**WHAT THIS TASK INVOLVES**
The response should consist solely of the lines running from the line with "A_def by fastforce" to the end of the data, retyped exactly.

Saved data entries
[Start of Attachment]

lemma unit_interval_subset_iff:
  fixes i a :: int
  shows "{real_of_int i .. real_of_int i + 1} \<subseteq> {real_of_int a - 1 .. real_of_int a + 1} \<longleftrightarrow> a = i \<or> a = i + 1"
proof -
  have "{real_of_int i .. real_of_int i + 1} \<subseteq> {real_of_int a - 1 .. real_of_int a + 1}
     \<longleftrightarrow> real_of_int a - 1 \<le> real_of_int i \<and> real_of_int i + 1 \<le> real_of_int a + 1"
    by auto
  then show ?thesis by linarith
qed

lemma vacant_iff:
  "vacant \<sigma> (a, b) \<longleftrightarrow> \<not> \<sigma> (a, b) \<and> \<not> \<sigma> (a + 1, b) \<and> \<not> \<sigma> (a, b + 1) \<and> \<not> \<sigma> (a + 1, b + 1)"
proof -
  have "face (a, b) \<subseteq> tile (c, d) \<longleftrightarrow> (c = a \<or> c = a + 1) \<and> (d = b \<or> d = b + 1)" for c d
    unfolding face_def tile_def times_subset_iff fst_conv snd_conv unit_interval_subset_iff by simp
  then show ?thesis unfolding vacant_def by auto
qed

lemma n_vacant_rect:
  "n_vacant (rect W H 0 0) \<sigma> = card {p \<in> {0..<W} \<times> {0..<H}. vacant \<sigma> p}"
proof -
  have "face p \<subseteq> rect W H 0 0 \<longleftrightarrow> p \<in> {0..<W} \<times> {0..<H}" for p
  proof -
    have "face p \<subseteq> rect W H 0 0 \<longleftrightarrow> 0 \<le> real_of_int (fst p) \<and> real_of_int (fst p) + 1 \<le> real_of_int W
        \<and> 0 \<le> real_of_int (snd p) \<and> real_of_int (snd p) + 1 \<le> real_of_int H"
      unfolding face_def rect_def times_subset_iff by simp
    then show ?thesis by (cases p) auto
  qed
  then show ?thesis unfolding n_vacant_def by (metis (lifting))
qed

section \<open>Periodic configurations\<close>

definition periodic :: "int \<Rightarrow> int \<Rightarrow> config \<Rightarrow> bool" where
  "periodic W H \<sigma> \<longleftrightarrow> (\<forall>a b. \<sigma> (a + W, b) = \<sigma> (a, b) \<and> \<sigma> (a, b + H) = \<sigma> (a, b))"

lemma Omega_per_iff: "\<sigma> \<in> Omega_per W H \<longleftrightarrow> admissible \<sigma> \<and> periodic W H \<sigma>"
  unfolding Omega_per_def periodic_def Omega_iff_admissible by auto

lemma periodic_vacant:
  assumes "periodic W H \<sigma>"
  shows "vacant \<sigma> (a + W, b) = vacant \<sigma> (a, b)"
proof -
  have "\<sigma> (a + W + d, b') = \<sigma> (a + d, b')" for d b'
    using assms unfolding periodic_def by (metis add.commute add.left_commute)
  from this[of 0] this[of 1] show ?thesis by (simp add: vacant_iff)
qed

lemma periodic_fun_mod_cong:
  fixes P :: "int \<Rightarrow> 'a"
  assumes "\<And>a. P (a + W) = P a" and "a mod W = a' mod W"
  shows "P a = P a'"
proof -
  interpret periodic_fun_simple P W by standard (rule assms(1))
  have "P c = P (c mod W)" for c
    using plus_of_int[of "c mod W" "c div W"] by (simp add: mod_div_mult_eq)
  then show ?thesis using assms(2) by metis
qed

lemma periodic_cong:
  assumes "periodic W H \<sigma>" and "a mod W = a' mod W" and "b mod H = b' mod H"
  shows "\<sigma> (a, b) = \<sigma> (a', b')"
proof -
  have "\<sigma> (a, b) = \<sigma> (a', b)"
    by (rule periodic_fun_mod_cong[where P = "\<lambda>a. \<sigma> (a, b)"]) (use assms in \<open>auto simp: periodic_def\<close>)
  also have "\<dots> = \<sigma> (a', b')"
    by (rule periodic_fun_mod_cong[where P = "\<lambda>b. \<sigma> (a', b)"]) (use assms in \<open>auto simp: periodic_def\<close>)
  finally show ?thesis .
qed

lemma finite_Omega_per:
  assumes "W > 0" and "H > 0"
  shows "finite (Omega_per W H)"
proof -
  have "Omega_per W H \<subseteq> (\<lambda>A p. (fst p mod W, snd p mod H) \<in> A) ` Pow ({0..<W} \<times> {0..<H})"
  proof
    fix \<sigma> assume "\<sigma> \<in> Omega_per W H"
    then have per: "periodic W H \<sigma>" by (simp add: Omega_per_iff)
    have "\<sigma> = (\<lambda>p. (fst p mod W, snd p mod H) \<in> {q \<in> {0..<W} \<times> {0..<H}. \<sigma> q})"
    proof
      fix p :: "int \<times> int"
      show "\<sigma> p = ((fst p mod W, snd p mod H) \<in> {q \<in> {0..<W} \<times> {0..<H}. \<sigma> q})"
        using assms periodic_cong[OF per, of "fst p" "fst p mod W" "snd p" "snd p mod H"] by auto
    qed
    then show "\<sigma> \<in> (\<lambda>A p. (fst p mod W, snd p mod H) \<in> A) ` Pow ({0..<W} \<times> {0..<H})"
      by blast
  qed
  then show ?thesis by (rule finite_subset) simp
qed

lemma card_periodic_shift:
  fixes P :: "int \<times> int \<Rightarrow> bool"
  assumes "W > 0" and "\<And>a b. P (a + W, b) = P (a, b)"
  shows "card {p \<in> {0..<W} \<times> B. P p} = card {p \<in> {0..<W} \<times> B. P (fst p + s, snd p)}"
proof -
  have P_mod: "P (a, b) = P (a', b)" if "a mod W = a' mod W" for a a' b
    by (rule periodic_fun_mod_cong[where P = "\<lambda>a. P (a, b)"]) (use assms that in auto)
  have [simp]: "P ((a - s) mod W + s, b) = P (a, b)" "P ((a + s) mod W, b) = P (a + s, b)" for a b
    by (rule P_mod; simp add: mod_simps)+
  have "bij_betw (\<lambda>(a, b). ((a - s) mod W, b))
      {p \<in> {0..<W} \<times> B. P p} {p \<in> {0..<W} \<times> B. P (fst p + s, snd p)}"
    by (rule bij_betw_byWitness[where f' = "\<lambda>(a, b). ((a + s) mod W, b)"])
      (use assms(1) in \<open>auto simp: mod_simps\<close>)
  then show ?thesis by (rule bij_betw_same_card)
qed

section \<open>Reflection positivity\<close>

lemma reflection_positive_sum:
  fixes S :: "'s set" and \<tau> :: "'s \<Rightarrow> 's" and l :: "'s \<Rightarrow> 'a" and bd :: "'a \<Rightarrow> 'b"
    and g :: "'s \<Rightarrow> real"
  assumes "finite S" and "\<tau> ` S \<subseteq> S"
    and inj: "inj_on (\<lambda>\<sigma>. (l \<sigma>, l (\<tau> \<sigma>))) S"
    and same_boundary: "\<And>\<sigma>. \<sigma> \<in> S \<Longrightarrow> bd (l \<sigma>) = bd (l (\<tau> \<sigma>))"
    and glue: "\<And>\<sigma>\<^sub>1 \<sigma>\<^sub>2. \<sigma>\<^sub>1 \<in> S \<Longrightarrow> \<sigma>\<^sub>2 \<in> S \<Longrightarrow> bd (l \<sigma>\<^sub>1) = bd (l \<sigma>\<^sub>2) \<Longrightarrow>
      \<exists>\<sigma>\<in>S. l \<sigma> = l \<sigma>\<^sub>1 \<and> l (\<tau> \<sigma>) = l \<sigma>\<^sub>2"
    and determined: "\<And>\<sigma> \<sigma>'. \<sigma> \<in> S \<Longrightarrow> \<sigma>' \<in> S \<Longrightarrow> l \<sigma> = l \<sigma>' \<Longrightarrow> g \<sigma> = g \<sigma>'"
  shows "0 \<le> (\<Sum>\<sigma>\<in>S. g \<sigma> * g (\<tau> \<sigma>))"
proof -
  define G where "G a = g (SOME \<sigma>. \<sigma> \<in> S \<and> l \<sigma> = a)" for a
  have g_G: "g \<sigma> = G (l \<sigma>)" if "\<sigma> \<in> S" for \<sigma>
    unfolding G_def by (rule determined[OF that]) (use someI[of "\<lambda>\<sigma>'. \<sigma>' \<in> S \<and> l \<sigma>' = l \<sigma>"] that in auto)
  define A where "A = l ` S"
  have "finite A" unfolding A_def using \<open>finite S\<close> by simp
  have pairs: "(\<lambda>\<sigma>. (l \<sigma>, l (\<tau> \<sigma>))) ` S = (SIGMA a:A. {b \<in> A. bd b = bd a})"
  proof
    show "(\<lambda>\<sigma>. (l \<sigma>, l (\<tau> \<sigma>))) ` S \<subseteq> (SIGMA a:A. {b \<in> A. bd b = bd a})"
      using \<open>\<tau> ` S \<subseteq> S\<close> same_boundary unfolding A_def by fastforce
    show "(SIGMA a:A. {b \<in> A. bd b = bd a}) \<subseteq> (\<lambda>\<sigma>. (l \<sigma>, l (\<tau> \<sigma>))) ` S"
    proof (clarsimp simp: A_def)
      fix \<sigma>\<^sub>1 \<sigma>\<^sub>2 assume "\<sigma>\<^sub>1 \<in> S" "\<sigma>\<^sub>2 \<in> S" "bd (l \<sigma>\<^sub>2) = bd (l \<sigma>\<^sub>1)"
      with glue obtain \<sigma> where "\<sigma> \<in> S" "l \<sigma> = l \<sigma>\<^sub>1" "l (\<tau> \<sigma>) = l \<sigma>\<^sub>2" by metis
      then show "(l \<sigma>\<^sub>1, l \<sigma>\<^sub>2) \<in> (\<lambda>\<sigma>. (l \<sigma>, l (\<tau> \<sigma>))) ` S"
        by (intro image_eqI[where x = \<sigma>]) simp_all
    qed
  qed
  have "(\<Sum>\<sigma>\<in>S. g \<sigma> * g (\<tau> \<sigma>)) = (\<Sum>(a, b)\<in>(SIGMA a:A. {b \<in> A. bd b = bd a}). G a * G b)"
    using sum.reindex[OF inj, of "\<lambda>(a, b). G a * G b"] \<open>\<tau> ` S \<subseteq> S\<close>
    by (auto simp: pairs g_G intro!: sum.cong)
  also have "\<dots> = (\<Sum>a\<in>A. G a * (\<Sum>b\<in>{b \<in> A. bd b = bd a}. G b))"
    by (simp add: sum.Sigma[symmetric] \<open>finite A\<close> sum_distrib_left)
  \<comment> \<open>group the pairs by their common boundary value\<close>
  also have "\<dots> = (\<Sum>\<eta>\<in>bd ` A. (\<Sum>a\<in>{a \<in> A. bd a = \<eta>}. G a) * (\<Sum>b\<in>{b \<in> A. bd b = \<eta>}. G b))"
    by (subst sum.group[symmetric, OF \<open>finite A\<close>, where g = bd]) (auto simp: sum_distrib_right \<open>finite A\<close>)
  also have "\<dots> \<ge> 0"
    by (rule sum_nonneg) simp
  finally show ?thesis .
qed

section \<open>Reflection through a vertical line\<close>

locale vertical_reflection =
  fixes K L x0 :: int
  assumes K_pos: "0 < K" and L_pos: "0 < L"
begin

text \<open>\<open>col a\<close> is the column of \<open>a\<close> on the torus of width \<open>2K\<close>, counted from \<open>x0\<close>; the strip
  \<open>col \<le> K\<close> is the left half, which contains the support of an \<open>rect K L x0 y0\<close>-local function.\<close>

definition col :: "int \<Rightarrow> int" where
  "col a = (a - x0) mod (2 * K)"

[End of Attachment]

**SOLUTION TO THE EXERCISE**
      using \<open>\<tau> ` S \<subseteq> S\<close> same_boundary unfolding A_def by fastforce
    show "(SIGMA a:A. {b \<in> A. bd b = bd a}) \<subseteq> (\<lambda>\<sigma>. (l \<sigma>, l (\<tau> \<sigma>))) ` S"
    proof (clarsimp simp: A_def)
      fix \<sigma>\<^sub>1 \<sigma>\<^sub>2 assume "\<sigma>\<^sub>1 \<in> S" "\<sigma>\<^sub>2 \<in> S" "bd (l \<sigma>\<^sub>2) = bd (l \<sigma>\<^sub>1)"
      with glue obtain \<sigma> where "\<sigma> \<in> S" "l \<sigma> = l \<sigma>\<^sub>1" "l (\<tau> \<sigma>) = l \<sigma>\<^sub>2" by metis
      then show "(l \<sigma>\<^sub>1, l \<sigma>\<^sub>2) \<in> (\<lambda>\<sigma>. (l \<sigma>, l (\<tau> \<sigma>))) ` S"
        by (intro image_eqI[where x = \<sigma>]) simp_all
    qed
  qed
  have "(\<Sum>\<sigma>\<in>S. g \<sigma> * g (\<tau> \<sigma>)) = (\<Sum>(a, b)\<in>(SIGMA a:A. {b \<in> A. bd b = bd a}). G a * G b)"
    using sum.reindex[OF inj, of "\<lambda>(a, b). G a * G b"] \<open>\<tau> ` S \<subseteq> S\<close>
    by (auto simp: pairs g_G intro!: sum.cong)
  also have "\<dots> = (\<Sum>a\<in>A. G a * (\<Sum>b\<in>{b \<in> A. bd b = bd a}. G b))"
    by (simp add: sum.Sigma[symmetric] \<open>finite A\<close> sum_distrib_left)
  \<comment> \<open>group the pairs by their common boundary value\<close>
  also have "\<dots> = (\<Sum>\<eta>\<in>bd ` A. (\<Sum>a\<in>{a \<in> A. bd a = \<eta>}. G a) * (\<Sum>b\<in>{b \<in> A. bd b = \<eta>}. G b))"
    by (subst sum.group[symmetric, OF \<open>finite A\<close>, where g = bd]) (auto simp: sum_distrib_right \<open>finite A\<close>)
  also have "\<dots> \<ge> 0"
    by (rule sum_nonneg) simp
  finally show ?thesis .
qed

section \<open>Reflection through a vertical line\<close>

locale vertical_reflection =
  fixes K L x0 :: int
  assumes K_pos: "0 < K" and L_pos: "0 < L"
begin

text \<open>\<open>col a\<close> is the column of \<open>a\<close> on the torus of width \<open>2K\<close>, counted from \<open>x0\<close>; the strip
  \<open>col \<le> K\<close> is the left half, which contains the support of an \<open>rect K L x0 y0\<close>-local function.\<close>

definition col :: "int \<Rightarrow> int" where
  "col a = (a - x0) mod (2 * K)"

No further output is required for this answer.